They also agreed that there will be a cabinet in which the prime minister will be chosen by the protesters and two key posts - defence and interior minister - will be nominated by the military.
The military has been pushing for immunity from prosecution after protesters' deaths, but this is absent from the signed deal.
It does, however, promise an investigation into the violence.
How significant is this deal?
By Tomi Oladipo, BBC Africa security correspondent
After months of on-and-off talks, the two sides have finally signed a deal.
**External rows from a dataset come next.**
lemma matrix_inv_orthogonal:
  fixes Q :: "'a::comm_ring_1^'n^'n"
  assumes "orthogonal_matrix Q"
  shows "matrix_inv Q = transpose Q"
proof -
  let ?A = "matrix_inv Q"
  have "Q ** ?A = mat 1 \<and> ?A ** Q = mat 1"
    unfolding matrix_inv_def
    by (rule someI[of _ "transpose Q"]) (use assms in \<open>simp add: orthogonal_matrix_def\<close>)
  then have "?A = (transpose Q ** Q) ** ?A"
    using assms by (simp add: orthogonal_matrix_def)
  also have "\<dots> = transpose Q"
    using \<open>Q ** ?A = mat 1 \<and> _\<close> by (simp add: matrix_mul_assoc[symmetric])
  finally show ?thesis .
qed

text \<open>Cosine 3/5 and sine 4/5: the argument only needs both to be nonzero.\<close>

definition pyth_rot_apply :: "'n \<Rightarrow> 'n \<Rightarrow> ('n \<Rightarrow> 'a::field_char_0) \<Rightarrow> 'n \<Rightarrow> 'a" where
  "pyth_rot_apply i j f a =
     (if a = i then 3/5 * f i - 4/5 * f j
      else if a = j then 4/5 * f i + 3/5 * f j
      else f a)"

definition pyth_rot :: "'n \<Rightarrow> 'n \<Rightarrow> 'a::field_char_0^'n^'n" where
  "pyth_rot i j = (\<chi> a b. pyth_rot_apply i j (\<lambda>k. if k = b then 1 else 0) a)"

lemma pyth_rot_row_sum:
  assumes "i \<noteq> j"
  shows "(\<Sum>k\<in>UNIV. pyth_rot i j $ a $ k * f k) = pyth_rot_apply i j f a"
proof -
  have "pyth_rot i j $ a $ k * f k =
          (if k = i then pyth_rot_apply i j (\<lambda>k. if k = i then 1 else 0) a * f i else 0)
        + (if k = j then pyth_rot_apply i j (\<lambda>k. if k = j then 1 else 0) a * f j else 0)
        + (if k = a \<and> a \<noteq> i \<and> a \<noteq> j then f a else 0)" for k
    using assms by (auto simp add: pyth_rot_def pyth_rot_apply_def)
  then show ?thesis
    using assms by (simp add: sum.distrib pyth_rot_apply_def)
qed

lemma pyth_rot_conj_entry:
  assumes "i \<noteq> j"
  shows "(pyth_rot i j ** M ** transpose (pyth_rot i j)) $ a $ b
           = pyth_rot_apply i j (\<lambda>l. pyth_rot_apply i j (\<lambda>k. M $ k $ l) a) b"
proof -
  have "(pyth_rot i j ** M ** transpose (pyth_rot i j)) $ a $ b
          = pyth_rot_apply i j (\<lambda>l. (pyth_rot i j ** M) $ a $ l) b"
    by (simp add: matrix_matrix_mult_def[of "pyth_rot i j ** M"] transpose_def mult.commute
        pyth_rot_row_sum[OF assms])
  also have "(\<lambda>l. (pyth_rot i j ** M) $ a $ l) = (\<lambda>l. pyth_rot_apply i j (\<lambda>k. M $ k $ l) a)"
    by (simp add: matrix_matrix_mult_def pyth_rot_row_sum[OF assms])
  finally show ?thesis .
qed

lemma orthogonal_matrix_pyth_rot:
  assumes "i \<noteq> j"
  shows "orthogonal_matrix (pyth_rot i j :: 'a::field_char_0^'n^'n)"
proof -
  have "(pyth_rot i j ** transpose (pyth_rot i j) :: 'a^'n^'n) $ a $ b = mat 1 $ a $ b" for a b
  proof -
    have "(pyth_rot i j ** transpose (pyth_rot i j) :: 'a^'n^'n) $ a $ b
            = pyth_rot_apply i j (\<lambda>l. pyth_rot_apply i j (\<lambda>k. mat 1 $ k $ l) a) b"
      using pyth_rot_conj_entry[OF assms, of "mat 1" a b] by simp
    also have "\<dots> = mat 1 $ a $ b"
      using assms by (auto simp add: mat_def pyth_rot_apply_def)
    finally show ?thesis .
  qed
  then show ?thesis
    by (simp add: orthogonal_matrix_iff_right_inverse vec_eq_iff)
qed

definition support_reach :: "'a::zero^'n^'n \<Rightarrow> 'n \<Rightarrow> 'n \<Rightarrow> bool" where
  "support_reach M = (\<lambda>k l. M $ k $ l \<noteq> 0)\<^sup>*\<^sup>*"

lemma support_reach_refl: "support_reach M i i"
  by (simp add: support_reach_def)

lemma support_reach_step: "support_reach M i k \<Longrightarrow> M $ k $ l \<noteq> 0 \<Longrightarrow> support_reach M i l"
  unfolding support_reach_def by (rule rtranclp.rtrancl_into_rtrancl)

lemma entries_zero_outside_component:
  assumes "transpose M = M" "support_reach M i k" "\<not> support_reach M i j"
  shows "M $ j $ k = 0" "M $ k $ j = 0"
  using support_reach_step[OF assms(2), of j] assms(3) symmetric_entry[OF assms(1), of j k]
  by auto

context
  fixes M :: "complex^'n^'n" and i j :: 'n
  assumes sym: "transpose M = M" and diag: "diag_vec M = 0" and unreached: "\<not> support_reach M i j"
begin

private lemma distinct: "i \<noteq> j"
  using unreached support_reach_refl by metis

private abbreviation "M' \<equiv> pyth_rot i j ** M ** transpose (pyth_rot i j)"

private lemmas entry = pyth_rot_conj_entry[OF distinct, of M]

lemma diag_vec_pyth_rot_conj: "diag_vec M' = 0"
  using diag distinct entries_zero_outside_component[OF sym support_reach_refl unreached]
  by (simp add: diag_vec_eq_0_iff entry pyth_rot_apply_def symmetric_entry[OF sym, of j i])

lemma support_reach_pyth_rot_conj:
  assumes "support_reach M i k"
  shows "support_reach M' i k"
  using assms unfolding support_reach_def
proof (induction rule: rtranclp_induct)
  case base
  then show ?case by simp
next
  case (step k l)
  have "support_reach M i k" "support_reach M i l"
    using step(1) support_reach_step[of M i k l] step(2) by (simp_all add: support_reach_def)
  moreover have "k \<noteq> l"
    using step(2) diag by (auto simp add: diag_vec_eq_0_iff)
  ultimately have "M' $ k $ l \<noteq> 0"
    using step(2) distinct unreached
      entries_zero_outside_component[OF sym _ unreached, of k]
      entries_zero_outside_component[OF sym _ unreached, of l]
    by (auto simp add: entry pyth_rot_apply_def)
  then show ?case
    using step(3) by (simp add: rtranclp.rtrancl_into_rtrancl)
qed

lemma pyth_rot_conj_edges:
  assumes "M $ i $ l \<noteq> 0"
  shows "M' $ i $ l \<noteq> 0" "M' $ l $ j \<noteq> 0"
proof -
  have reached: "support_reach M i l"
    using support_reach_step[OF support_reach_refl assms] .
  then have "l \<noteq> i" "l \<noteq> j"
    using assms diag unreached by (auto simp add: diag_vec_eq_0_iff)
  then show "M' $ i $ l \<noteq> 0" "M' $ l $ j \<noteq> 0"
    using assms distinct entries_zero_outside_component[OF sym reached unreached]
      symmetric_entry[OF sym, of l i]
    by (simp_all add: entry pyth_rot_apply_def)
qed

lemma card_unreached_pyth_rot_conj:
  assumes "M $ i $ l \<noteq> 0"
  shows "card {k. \<not> support_reach M' i k} < card {k. \<not> support_reach M i k}"
proof -
  have "support_reach M' i j"
    using support_reach_pyth_rot_conj[OF support_reach_step[OF support_reach_refl assms]]
      pyth_rot_conj_edges(2)[OF assms] by (rule support_reach_step)
  then have "{k. \<not> support_reach M' i k} \<subset> {k. \<not> support_reach M i k}"
    using support_reach_pyth_rot_conj unreached by blast
  then show ?thesis
    by (simp add: psubset_card_mono)
qed

end


lemma exists_orthogonal_conj_connected:
  fixes M :: "complex^'n^'n"
  assumes "transpose M = M" "diag_vec M = 0" "M $ i $ l \<noteq> 0"
  shows "\<exists>S. orthogonal_matrix S \<and> diag_vec (S ** M ** transpose S) = 0 \<and>
             (\<forall>k. support_reach (S ** M ** transpose S) i k)"
  using assms
proof (induction "card {k. \<not> support_reach M i k}" arbitrary: M rule: less_induct)
  case less
  show ?case
  proof (cases "\<forall>k. support_reach M i k")
    case True
    then show ?thesis
      using less.prems orthogonal_matrix_id by (intro exI[of _ "mat 1"]) simp
  next
    case False
    then obtain j where unreached: "\<not> support_reach M i j" by blast
    then have "i \<noteq> j" using support_reach_refl by metis
    define M' where "M' = pyth_rot i j ** M ** transpose (pyth_rot i j)"
    have "card {k. \<not> support_reach M' i k} < card {k. \<not> support_reach M i k}"
      using card_unreached_pyth_rot_conj[OF less.prems(1,2) unreached less.prems(3)]
      unfolding M'_def .
    moreover have "transpose M' = M'" "diag_vec M' = 0" "M' $ i $ l \<noteq> 0"
      using transpose_conj_symmetric[OF less.prems(1)]
        diag_vec_pyth_rot_conj[OF less.prems(1,2) unreached]
        pyth_rot_conj_edges(1)[OF less.prems(1,2) unreached less.prems(3)]
      unfolding M'_def by blast+
    ultimately obtain S where S: "orthogonal_matrix S" "diag_vec (S ** M' ** transpose S) = 0"
        "\<forall>k. support_reach (S ** M' ** transpose S) i k"
      using less.hyps by blast
    have "(S ** pyth_rot i j) ** M ** transpose (S ** pyth_rot i j) = S ** M' ** transpose S"
      unfolding M'_def by (simp add: matrix_transpose_mul matrix_mul_assoc)
    then show ?thesis
      using S orthogonal_matrix_mul_gen[OF S(1) orthogonal_matrix_pyth_rot[OF \<open>i \<noteq> j\<close>]]
      by (intro exI[of _ "S ** pyth_rot i j"]) simp
  qed
qed

lemma dtheta_nth: "dtheta M X $ a = (\<Sum>k\<in>UNIV. X $ a $ k * M $ k $ a - M $ a $ k * X $ k $ a)"
  by (simp add: dtheta_def diag_vec_def matrix_matrix_mult_def sum_subtractf)

lemma additive_dtheta: "Modules.additive (dtheta M)"
  by unfold_locales (simp add: vec_eq_iff dtheta_nth sum.distrib[symmetric] algebra_simps)

lemma dtheta_in_V_space: "dtheta M X \<in> V_space"
proof -
  have "(\<Sum>a\<in>UNIV. \<Sum>k\<in>UNIV. M $ a $ k * X $ k $ a) = (\<Sum>k\<in>UNIV. \<Sum>a\<in>UNIV. M $ a $ k * X $ k $ a)"
    by (rule sum.swap)
  then show ?thesis
    by (simp add: V_space_def dtheta_nth sum_subtractf mult.commute)
qed

lemma additive_symmetric_part: "Modules.additive (\<lambda>X :: 'a::ab_group_add^'n^'n. X + transpose X)"
  by unfold_locales (simp add: vec_eq_iff transpose_def algebra_simps)

lemma add_in_so_alg: "X \<in> so_alg \<Longrightarrow> Y \<in> so_alg \<Longrightarrow> X + Y \<in> so_alg"
  using additive.add[OF additive_symmetric_part, of X Y] by (simp add: so_alg_def)

lemma sum_in_so_alg: "(\<And>k. k \<in> A \<Longrightarrow> X k \<in> so_alg) \<Longrightarrow> sum X A \<in> so_alg"
  using additive.sum[OF additive_symmetric_part, of X A] by (simp add: so_alg_def)

definition elem_skew :: "'n \<Rightarrow> 'n \<Rightarrow> complex \<Rightarrow> complex^'n^'n" where
  "elem_skew l k z = (\<chi> a b. if a = l \<and> b = k then z else if a = k \<and> b = l then - z else 0)"

lemma elem_skew_in_so_alg: "l \<noteq> k \<Longrightarrow> elem_skew l k z \<in> so_alg"
  by (auto simp add: so_alg_def elem_skew_def vec_eq_iff transpose_def)

lemma dtheta_elem_skew:
  assumes "l \<noteq> k"
  shows "dtheta M (elem_skew l k z) = (z * (M $ k $ l + M $ l $ k)) *s (axis l 1 - axis k 1)"
proof -
  have "dtheta M (elem_skew l k z) $ a
          = (if a = l then z * (M $ k $ l + M $ l $ k) else 0)
          - (if a = k then z * (M $ k $ l + M $ l $ k) else 0)" for a
  proof -
    have "elem_skew l k z $ a $ b * M $ b $ a - M $ a $ b * elem_skew l k z $ b $ a
        = (if b = k then (if a = l then z * M $ k $ l else 0) else 0)
        + (if b = l then (if a = k then - z * M $ l $ k else 0) else 0)
        - (if b = l then (if a = k then z * M $ k $ l else 0) else 0)
        - (if b = k then (if a = l then - z * M $ l $ k else 0) else 0)" for b
      using assms by (auto simp add: elem_skew_def)
    then have "dtheta M (elem_skew l k z) $ a
        = (\<Sum>b\<in>UNIV. (if b = k then (if a = l then z * M $ k $ l else 0) else 0)
        + (if b = l then (if a = k then - z * M $ l $ k else 0) else 0)
        - (if b = l then (if a = k then z * M $ k $ l else 0) else 0)
        - (if b = k then (if a = l then - z * M $ l $ k else 0) else 0))"
      by (simp only: dtheta_nth)
    also have "\<dots> = (if a = l then z * (M $ k $ l + M $ l $ k) else 0)
                     - (if a = k then z * (M $ k $ l + M $ l $ k) else 0)"
      using assms by (simp add: sum.distrib sum_subtractf algebra_simps)
    finally show ?thesis .
  qed
  then show ?thesis
    by (simp add: vec_eq_iff axis_def)
qed

lemma dtheta_hits_axis_differences:
  fixes M :: "complex^'n^'n"
  assumes "transpose M = M" "support_reach M i k"
  shows "\<exists>X\<in>so_alg. dtheta M X = c *s (axis k 1 - axis i 1)"
  using assms(2) unfolding support_reach_def
proof (induction arbitrary: c rule: rtranclp_induct)
  case base
  have "dtheta M 0 = 0"
    using additive.zero[OF additive_dtheta] .
  then show ?case
    by (intro bexI[of _ 0]) (simp_all add: so_alg_def transpose_def vec_eq_iff)
next
  case (step k l)
  show ?case
  proof (cases "l = k")
    case True
    then show ?thesis using step.IH by simp
  next
    case False
    let ?z = "c / (2 * M $ l $ k)"
    have "M $ l $ k \<noteq> 0"
      using step.hyps(2) symmetric_entry[OF assms(1), of k l] by simp
    then have "dtheta M (elem_skew l k ?z) = c *s (axis l 1 - axis k 1)"
      using symmetric_entry[OF assms(1), of k l] by (simp add: dtheta_elem_skew[OF False])
    moreover obtain X where "X \<in> so_alg" "dtheta M X = c *s (axis k 1 - axis i 1)"
      using step.IH by blast
    ultimately have "dtheta M (elem_skew l k ?z + X) = c *s (axis l 1 - axis i 1)"
      by (simp add: additive.add[OF additive_dtheta] vector_ssub_ldistrib)
    moreover have "elem_skew l k ?z + X \<in> so_alg"
      using add_in_so_alg elem_skew_in_so_alg[OF False] \<open>X \<in> so_alg\<close> by blast
    ultimately show ?thesis by blast
  qed
qed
That is notable in itself.
The agreement means that after 30 years of military rule, Sudan is now three years away from a fully civilian administration - in theory.
The finer details of the deal and its constitutional elements have not been agreed upon. There is still a "sovereign council" to be appointed to lead the country through its transition.
However, some among the protesting masses might feel that they have got the short end of the stick.
The very military they challenged - and under whom they suffered pain and death on the streets - remains in power for now and will lead the interim government initially. The generals could possibly secure immunity from prosecution.
Justice in the eyes of the protesters will not have been served yet, but their chants for the fall of the regime have ushered in this new phase.
How did this start?
The unrest in Sudan can be traced back to December 2018, when then President Bashir's government imposed emergency austerity measures.
In April, the president was overthrown by the military after prolonged protests outside the defence ministry in Khartoum, but demonstrators then wanted to ensure authority was swiftly transferred to a civilian administration.
They stayed put outside the ministry and, on 3 June, the Rapid Support Forces (RSF), a paramilitary group under the command of the ruling military council, moved in to disperse them.
Dozens were killed and bodies were thrown into the River Nile. BBC Africa Eye has analysed more than 300 videos shot on that day and footage showed the RSF firing at protesters with live ammunition.
After the massacre, tens of thousands of protesters then returned to the streets a few weeks later, which forced the junta to resume talks on a power-sharing government.
The RSF leadership has denied responsibility for the killings, blaming rogue elements.
The RSF grew out of the Janjaweed militia, which was accused of carrying out a genocide in the Darfur region of western Sudan.